[Stored data]
◆ ◆ ◆

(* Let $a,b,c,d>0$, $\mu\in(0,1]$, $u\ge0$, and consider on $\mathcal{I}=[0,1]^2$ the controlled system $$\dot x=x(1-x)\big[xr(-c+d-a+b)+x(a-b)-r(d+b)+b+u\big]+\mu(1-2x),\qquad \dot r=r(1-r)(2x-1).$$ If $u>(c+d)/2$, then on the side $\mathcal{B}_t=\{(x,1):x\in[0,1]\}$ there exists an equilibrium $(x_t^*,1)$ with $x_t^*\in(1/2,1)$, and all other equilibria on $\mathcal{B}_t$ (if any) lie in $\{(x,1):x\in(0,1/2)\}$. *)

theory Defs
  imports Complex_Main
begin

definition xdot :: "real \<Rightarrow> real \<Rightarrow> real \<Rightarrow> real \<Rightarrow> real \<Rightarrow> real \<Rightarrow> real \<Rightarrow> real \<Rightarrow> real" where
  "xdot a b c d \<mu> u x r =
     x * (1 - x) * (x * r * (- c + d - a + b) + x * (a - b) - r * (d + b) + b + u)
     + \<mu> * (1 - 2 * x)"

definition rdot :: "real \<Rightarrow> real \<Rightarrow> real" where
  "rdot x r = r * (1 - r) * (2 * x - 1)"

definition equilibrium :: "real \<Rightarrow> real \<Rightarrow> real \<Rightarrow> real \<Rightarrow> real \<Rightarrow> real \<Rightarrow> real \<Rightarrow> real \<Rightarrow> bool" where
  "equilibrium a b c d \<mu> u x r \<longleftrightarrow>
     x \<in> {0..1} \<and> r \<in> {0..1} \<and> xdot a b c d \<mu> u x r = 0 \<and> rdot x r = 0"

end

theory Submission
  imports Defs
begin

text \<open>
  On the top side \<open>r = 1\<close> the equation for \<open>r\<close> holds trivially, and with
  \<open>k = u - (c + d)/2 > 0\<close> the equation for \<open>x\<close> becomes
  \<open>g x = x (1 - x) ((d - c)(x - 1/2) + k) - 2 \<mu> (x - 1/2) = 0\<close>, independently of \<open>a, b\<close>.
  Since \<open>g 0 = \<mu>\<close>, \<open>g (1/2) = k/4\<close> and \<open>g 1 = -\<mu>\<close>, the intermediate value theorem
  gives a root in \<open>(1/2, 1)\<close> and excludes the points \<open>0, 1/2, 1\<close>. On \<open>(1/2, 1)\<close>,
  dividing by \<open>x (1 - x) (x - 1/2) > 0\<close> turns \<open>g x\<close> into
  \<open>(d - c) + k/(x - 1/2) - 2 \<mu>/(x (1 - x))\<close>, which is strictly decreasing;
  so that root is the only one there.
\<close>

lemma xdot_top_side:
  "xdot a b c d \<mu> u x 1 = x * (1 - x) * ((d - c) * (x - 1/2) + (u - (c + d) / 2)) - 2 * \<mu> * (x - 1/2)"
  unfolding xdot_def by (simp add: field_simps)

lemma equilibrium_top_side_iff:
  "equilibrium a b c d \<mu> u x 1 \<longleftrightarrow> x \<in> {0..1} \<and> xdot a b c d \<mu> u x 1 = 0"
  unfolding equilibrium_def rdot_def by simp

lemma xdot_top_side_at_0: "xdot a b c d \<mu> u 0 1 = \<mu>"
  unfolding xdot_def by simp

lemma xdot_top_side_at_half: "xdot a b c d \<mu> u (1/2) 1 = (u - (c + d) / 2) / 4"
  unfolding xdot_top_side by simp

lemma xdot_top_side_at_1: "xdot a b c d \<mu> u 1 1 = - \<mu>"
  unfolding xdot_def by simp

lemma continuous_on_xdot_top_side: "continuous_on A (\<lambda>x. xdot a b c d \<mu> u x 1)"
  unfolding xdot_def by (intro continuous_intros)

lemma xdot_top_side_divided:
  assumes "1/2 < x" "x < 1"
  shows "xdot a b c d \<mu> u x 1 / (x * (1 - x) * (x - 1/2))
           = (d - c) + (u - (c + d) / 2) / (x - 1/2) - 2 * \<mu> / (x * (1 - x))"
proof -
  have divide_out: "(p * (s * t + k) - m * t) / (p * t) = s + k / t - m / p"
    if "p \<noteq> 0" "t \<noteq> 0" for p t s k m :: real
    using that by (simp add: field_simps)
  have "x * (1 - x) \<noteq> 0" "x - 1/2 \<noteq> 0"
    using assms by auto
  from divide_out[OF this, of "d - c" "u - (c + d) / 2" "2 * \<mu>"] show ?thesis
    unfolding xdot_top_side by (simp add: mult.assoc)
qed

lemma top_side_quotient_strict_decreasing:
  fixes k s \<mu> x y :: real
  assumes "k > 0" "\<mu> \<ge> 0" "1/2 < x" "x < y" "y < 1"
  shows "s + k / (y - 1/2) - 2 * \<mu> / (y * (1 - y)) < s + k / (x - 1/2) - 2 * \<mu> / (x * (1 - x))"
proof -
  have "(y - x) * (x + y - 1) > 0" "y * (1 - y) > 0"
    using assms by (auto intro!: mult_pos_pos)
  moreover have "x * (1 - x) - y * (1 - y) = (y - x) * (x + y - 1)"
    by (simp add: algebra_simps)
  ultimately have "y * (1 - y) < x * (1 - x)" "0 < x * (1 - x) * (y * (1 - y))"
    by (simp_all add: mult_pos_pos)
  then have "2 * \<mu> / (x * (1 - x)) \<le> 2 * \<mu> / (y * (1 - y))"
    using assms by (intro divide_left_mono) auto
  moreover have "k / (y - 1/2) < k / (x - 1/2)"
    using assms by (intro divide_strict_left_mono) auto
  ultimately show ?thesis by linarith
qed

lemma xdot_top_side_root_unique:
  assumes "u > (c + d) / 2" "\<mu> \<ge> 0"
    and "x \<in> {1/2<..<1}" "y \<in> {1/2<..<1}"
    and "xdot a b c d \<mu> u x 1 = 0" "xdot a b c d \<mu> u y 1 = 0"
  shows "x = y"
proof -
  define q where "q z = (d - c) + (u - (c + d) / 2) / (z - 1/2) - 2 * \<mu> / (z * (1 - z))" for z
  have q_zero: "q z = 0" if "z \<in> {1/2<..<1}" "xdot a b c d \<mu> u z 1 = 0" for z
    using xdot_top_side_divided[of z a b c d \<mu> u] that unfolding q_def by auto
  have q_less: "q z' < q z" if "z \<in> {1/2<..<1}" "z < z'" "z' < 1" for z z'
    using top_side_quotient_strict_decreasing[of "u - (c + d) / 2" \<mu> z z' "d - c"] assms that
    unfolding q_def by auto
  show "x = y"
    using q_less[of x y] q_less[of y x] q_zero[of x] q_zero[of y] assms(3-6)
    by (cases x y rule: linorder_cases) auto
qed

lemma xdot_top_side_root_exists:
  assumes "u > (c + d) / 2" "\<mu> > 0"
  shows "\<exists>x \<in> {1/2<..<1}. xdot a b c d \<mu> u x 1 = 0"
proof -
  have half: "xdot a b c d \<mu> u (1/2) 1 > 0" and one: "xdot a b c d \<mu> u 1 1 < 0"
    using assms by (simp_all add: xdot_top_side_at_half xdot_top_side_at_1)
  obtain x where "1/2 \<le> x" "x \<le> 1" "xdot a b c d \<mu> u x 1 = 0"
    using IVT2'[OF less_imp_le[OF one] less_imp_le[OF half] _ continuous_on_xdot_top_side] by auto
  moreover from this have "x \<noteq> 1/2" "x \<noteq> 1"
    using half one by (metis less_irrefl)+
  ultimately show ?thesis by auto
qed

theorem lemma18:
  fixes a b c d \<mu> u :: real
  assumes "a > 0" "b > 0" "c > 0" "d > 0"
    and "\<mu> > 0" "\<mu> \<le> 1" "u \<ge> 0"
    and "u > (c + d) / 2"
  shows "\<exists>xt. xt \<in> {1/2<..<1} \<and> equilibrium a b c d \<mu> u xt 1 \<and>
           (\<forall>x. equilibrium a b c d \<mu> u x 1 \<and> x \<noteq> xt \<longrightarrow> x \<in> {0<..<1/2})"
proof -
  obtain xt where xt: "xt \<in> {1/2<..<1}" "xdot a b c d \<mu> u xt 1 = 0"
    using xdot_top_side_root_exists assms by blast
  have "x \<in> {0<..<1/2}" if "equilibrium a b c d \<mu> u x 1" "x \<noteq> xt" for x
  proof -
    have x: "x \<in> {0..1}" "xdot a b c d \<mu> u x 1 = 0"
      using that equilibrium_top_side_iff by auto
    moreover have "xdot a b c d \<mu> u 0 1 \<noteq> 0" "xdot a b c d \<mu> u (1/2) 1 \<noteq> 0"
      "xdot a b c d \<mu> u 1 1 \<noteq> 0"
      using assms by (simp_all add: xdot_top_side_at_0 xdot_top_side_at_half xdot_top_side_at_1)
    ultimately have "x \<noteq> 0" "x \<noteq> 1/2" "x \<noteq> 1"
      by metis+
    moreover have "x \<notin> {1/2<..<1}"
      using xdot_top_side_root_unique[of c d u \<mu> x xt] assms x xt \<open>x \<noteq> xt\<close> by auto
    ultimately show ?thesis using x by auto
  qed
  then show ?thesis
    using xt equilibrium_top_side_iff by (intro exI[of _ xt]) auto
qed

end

◆ ◆ ◆

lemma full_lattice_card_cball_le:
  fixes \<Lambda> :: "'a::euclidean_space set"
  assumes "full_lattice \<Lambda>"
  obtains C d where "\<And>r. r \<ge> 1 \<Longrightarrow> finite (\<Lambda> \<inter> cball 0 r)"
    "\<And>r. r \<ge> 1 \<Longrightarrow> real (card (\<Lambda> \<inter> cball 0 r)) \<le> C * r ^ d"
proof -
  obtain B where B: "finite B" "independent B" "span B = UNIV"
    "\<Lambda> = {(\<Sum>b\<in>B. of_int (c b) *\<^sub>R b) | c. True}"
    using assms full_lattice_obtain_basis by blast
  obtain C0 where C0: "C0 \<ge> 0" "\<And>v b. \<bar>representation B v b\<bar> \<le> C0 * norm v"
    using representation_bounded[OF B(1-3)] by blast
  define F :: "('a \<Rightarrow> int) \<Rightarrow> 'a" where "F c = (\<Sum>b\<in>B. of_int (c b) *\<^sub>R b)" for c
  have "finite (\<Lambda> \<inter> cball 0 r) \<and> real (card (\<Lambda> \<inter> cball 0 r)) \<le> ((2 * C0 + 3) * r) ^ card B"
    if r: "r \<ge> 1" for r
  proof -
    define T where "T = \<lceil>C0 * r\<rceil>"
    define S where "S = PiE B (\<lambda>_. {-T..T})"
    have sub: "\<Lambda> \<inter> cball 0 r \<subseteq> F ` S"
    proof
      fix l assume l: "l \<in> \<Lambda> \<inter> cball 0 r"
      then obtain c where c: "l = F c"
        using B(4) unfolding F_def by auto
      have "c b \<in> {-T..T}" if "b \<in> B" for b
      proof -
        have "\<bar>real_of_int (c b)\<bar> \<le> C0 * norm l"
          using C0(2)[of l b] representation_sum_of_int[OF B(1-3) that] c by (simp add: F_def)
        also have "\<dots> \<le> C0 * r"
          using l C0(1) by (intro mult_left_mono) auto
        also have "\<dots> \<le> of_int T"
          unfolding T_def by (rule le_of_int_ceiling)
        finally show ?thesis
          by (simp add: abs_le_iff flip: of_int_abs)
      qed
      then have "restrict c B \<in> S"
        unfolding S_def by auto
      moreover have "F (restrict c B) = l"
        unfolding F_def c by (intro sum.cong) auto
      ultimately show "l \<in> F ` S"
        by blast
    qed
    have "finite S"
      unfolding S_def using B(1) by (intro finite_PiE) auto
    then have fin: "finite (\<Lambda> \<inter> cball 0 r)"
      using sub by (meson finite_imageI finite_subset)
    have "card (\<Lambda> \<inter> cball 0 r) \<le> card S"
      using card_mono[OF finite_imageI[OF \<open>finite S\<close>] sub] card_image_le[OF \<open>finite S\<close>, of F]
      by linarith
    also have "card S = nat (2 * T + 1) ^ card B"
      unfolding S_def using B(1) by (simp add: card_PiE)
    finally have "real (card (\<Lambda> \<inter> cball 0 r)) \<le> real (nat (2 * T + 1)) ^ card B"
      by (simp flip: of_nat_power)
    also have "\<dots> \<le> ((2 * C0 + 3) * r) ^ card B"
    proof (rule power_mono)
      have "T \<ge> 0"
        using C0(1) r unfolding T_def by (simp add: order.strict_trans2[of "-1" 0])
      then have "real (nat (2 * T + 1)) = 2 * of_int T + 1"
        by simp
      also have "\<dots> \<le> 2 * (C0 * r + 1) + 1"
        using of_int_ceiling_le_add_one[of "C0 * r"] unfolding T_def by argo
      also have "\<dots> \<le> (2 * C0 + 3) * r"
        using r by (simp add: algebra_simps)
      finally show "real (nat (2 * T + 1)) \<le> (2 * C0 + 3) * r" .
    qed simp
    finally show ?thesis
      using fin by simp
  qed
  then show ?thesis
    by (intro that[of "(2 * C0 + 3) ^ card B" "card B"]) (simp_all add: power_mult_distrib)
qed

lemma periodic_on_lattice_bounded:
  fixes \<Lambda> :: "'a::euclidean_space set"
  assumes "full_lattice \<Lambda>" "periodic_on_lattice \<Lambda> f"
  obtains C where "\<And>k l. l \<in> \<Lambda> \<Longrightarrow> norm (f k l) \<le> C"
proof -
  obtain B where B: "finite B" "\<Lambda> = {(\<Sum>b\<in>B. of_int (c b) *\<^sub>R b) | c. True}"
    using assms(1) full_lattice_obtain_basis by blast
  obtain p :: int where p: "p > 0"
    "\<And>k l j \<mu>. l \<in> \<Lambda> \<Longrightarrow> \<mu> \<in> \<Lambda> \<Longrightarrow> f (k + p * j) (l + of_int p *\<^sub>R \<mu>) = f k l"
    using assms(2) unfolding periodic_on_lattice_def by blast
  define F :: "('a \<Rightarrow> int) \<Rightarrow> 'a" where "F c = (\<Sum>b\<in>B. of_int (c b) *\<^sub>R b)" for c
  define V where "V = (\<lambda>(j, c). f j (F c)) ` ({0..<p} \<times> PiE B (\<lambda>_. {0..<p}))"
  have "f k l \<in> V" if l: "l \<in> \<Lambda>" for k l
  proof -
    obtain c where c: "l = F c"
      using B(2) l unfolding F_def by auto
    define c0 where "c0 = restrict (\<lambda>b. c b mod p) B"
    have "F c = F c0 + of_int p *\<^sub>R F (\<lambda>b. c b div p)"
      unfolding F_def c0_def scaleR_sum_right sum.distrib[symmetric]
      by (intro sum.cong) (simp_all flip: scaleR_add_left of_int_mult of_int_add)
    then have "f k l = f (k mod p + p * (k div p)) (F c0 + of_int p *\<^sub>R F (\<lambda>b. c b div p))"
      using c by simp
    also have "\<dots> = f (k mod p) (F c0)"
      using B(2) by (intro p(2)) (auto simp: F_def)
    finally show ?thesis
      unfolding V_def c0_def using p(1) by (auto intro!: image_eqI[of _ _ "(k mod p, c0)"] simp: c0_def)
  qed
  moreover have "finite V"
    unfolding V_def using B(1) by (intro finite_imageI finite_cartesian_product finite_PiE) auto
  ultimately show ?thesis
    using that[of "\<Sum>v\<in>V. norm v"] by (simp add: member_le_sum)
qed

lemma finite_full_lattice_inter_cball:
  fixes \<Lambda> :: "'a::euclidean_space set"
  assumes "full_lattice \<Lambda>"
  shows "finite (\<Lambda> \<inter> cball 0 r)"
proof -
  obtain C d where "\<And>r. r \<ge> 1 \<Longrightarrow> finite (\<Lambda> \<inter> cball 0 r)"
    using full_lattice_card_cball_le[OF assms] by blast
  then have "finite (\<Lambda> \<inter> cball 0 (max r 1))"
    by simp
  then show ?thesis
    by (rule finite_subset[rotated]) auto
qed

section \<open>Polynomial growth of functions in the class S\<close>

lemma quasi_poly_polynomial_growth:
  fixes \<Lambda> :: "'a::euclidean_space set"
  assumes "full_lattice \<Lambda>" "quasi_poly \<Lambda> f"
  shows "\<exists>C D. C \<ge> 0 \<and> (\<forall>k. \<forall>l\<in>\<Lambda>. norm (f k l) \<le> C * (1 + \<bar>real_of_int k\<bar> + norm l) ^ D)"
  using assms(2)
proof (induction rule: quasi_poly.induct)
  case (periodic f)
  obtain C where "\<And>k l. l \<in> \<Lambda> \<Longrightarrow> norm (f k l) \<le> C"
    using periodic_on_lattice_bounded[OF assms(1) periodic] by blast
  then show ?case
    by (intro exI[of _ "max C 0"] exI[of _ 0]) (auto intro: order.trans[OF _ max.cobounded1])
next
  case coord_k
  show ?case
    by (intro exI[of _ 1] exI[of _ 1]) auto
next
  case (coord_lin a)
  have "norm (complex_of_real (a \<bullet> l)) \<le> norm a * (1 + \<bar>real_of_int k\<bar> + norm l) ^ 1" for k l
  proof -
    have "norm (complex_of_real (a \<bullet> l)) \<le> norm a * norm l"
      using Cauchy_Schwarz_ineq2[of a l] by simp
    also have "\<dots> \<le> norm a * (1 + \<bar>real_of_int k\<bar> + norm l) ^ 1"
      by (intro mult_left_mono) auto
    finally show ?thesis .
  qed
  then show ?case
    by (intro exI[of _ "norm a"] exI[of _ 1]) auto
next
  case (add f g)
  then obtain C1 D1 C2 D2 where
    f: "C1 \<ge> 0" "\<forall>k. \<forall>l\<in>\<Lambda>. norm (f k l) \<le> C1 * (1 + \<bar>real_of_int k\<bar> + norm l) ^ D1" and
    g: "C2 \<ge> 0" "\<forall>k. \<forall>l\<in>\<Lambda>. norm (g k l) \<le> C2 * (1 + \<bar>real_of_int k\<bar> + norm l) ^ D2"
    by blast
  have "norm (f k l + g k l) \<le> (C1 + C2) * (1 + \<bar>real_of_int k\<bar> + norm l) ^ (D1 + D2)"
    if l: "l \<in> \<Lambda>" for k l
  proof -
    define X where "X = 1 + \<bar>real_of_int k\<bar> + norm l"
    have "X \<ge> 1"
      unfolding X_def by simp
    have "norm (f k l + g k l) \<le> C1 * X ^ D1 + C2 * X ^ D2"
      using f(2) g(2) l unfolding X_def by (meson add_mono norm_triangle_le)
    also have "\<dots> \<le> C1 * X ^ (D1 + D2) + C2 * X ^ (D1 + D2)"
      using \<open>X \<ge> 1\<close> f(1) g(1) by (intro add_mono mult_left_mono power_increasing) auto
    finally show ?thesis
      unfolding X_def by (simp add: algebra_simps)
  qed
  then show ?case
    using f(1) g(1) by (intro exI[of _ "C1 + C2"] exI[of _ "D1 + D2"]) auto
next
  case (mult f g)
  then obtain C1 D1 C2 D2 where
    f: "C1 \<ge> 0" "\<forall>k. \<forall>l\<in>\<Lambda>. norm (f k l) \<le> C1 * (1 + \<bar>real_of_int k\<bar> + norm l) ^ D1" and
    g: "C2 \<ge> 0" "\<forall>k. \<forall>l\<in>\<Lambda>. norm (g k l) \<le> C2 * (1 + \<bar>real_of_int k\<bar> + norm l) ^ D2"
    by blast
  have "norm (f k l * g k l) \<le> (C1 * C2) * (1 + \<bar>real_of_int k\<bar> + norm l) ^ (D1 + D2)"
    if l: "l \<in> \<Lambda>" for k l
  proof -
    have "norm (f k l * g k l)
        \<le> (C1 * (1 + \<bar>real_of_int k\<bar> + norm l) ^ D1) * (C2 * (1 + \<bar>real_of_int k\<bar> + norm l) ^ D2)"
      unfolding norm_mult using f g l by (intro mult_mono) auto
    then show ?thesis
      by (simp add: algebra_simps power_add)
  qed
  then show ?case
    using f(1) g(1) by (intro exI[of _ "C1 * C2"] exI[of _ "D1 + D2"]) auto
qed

◆ ◆ ◆

→ Exercise objective:
Using the entries above, return exactly the lines from the line with "proof (rule power_mono)" to the line with "2 * (C0 * r + 1)", counting both of those lines.

→ Solution to the exercise:
    proof (rule power_mono)
      have "T \<ge> 0"
        using C0(1) r unfolding T_def by (simp add: order.strict_trans2[of "-1" 0])
      then have "real (nat (2 * T + 1)) = 2 * of_int T + 1"
        by simp
      also have "\<dots> \<le> 2 * (C0 * r + 1) + 1"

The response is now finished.